EXERCISE INSTRUCTIONS: A line below contains "s) \<in> successful", and a later one contains "T (expand_set A'". Repeat both, with every line between them, exactly.

RECORDED DATA:
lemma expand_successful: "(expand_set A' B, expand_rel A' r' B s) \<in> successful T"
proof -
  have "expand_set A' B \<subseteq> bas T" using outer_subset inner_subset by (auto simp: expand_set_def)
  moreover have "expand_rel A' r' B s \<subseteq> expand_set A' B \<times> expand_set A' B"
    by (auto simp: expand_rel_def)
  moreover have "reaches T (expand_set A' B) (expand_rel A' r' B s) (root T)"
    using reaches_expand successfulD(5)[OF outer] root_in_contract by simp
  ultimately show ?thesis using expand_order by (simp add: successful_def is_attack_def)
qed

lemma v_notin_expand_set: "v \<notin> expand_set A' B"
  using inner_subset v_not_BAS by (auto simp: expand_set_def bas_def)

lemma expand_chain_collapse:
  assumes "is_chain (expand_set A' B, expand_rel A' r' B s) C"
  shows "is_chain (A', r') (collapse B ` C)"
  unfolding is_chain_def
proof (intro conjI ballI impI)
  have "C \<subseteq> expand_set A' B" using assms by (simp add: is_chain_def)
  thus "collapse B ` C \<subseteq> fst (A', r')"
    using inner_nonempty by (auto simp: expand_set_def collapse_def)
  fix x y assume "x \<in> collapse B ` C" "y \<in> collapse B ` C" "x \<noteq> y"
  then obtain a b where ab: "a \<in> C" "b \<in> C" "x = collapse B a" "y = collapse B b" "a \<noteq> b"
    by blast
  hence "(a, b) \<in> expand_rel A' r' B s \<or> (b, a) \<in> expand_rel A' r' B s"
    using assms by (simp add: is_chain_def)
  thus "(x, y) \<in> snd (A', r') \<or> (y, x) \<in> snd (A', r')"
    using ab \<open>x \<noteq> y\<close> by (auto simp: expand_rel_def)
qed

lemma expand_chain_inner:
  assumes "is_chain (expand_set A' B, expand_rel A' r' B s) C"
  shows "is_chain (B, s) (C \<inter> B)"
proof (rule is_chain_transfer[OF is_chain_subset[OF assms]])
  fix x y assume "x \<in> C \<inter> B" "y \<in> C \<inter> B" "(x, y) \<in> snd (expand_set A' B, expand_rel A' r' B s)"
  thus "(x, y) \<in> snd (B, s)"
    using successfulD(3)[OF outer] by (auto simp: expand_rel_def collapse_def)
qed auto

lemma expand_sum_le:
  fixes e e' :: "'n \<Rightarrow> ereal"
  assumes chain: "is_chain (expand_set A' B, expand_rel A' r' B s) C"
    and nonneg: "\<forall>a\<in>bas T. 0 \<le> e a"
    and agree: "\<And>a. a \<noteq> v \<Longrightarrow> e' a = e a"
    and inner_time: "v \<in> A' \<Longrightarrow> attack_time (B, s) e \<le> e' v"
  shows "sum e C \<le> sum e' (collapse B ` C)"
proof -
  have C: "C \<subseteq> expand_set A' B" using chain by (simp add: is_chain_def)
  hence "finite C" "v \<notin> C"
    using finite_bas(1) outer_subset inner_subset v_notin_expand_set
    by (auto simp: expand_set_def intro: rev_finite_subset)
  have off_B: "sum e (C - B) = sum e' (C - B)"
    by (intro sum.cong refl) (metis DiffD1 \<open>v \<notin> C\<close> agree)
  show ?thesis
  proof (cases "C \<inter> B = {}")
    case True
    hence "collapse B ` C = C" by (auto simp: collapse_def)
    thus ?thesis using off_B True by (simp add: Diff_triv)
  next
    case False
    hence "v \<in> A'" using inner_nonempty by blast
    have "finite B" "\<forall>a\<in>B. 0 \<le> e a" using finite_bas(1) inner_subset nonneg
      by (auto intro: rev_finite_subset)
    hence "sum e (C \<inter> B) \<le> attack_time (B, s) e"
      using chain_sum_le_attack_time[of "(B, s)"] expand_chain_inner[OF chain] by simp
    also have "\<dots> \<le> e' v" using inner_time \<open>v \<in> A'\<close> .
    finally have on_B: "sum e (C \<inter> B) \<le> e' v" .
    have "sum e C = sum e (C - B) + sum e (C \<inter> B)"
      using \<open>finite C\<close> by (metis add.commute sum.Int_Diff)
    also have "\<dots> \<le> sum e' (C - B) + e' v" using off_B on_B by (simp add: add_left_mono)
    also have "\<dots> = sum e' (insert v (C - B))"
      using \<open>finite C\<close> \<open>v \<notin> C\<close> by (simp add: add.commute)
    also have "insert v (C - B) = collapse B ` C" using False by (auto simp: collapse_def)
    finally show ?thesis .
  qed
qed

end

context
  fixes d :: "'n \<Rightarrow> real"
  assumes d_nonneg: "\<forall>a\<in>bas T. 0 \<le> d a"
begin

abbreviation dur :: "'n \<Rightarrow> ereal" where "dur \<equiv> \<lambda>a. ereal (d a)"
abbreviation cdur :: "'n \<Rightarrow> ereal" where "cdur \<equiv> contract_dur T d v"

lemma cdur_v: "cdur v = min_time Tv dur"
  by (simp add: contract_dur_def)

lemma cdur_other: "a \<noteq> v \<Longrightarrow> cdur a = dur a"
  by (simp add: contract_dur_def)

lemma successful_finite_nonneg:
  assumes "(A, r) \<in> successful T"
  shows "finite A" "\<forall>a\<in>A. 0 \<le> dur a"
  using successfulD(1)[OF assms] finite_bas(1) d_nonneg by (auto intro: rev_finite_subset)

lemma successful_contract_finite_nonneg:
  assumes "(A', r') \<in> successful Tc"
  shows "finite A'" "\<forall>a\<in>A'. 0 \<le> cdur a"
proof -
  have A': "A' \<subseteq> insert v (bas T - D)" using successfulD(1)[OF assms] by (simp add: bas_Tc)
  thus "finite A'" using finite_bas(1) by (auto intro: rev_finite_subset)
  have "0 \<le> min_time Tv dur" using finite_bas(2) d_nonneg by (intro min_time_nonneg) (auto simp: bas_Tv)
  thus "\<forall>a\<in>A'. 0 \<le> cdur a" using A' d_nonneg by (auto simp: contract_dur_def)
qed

---

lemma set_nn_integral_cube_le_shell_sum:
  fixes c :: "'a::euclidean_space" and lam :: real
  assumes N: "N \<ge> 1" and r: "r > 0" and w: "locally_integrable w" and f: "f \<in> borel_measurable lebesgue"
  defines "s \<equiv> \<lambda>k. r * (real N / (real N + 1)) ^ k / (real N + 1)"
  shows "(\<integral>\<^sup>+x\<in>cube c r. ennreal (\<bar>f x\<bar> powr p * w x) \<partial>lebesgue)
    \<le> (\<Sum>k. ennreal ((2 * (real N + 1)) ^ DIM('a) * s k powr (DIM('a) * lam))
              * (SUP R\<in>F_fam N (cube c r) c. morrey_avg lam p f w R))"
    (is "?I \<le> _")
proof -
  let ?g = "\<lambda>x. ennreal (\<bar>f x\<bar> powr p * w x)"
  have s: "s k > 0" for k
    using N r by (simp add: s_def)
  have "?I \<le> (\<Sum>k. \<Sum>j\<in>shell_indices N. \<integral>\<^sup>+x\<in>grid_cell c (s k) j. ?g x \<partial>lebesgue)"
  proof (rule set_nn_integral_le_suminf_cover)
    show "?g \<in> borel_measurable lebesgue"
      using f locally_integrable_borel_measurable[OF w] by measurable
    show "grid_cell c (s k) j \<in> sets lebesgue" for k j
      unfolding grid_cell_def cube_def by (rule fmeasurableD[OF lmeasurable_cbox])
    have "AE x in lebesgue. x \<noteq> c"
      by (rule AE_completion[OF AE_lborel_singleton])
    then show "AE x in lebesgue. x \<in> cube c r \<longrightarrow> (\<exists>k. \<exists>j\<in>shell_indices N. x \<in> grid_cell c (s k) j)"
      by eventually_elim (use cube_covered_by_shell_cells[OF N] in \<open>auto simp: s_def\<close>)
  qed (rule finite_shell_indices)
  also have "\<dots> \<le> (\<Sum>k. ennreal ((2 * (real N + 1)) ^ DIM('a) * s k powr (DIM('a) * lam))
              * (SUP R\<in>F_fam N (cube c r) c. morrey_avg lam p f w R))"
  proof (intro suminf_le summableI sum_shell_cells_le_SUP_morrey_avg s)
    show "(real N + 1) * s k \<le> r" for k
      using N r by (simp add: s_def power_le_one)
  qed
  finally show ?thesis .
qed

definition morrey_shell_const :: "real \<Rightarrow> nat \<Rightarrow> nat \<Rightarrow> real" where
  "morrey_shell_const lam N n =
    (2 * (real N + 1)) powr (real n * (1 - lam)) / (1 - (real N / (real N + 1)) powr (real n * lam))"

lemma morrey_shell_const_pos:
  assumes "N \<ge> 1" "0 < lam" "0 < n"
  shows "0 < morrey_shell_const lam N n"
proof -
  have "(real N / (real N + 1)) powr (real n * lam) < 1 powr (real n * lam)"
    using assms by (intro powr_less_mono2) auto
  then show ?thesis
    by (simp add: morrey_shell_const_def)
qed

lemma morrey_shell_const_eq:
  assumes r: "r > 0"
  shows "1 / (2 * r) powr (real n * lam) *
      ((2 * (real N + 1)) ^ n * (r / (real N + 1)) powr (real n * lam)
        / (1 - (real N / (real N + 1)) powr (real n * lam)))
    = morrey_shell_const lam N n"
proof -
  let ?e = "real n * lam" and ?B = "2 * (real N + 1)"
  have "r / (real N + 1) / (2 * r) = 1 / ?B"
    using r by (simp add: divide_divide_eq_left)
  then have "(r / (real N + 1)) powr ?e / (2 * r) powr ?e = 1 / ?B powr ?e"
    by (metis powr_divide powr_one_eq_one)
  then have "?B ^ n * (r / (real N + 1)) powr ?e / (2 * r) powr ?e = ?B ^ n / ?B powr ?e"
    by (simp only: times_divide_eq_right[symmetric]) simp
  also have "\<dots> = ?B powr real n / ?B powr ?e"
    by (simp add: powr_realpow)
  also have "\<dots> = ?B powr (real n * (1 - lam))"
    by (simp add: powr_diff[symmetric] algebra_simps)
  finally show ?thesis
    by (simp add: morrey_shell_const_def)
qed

RESULT OF THE TASK:
lemma expand_successful: "(expand_set A' B, expand_rel A' r' B s) \<in> successful T"
proof -
  have "expand_set A' B \<subseteq> bas T" using outer_subset inner_subset by (auto simp: expand_set_def)
  moreover have "expand_rel A' r' B s \<subseteq> expand_set A' B \<times> expand_set A' B"
    by (auto simp: expand_rel_def)
  moreover have "reaches T (expand_set A' B) (expand_rel A' r' B s) (root T)"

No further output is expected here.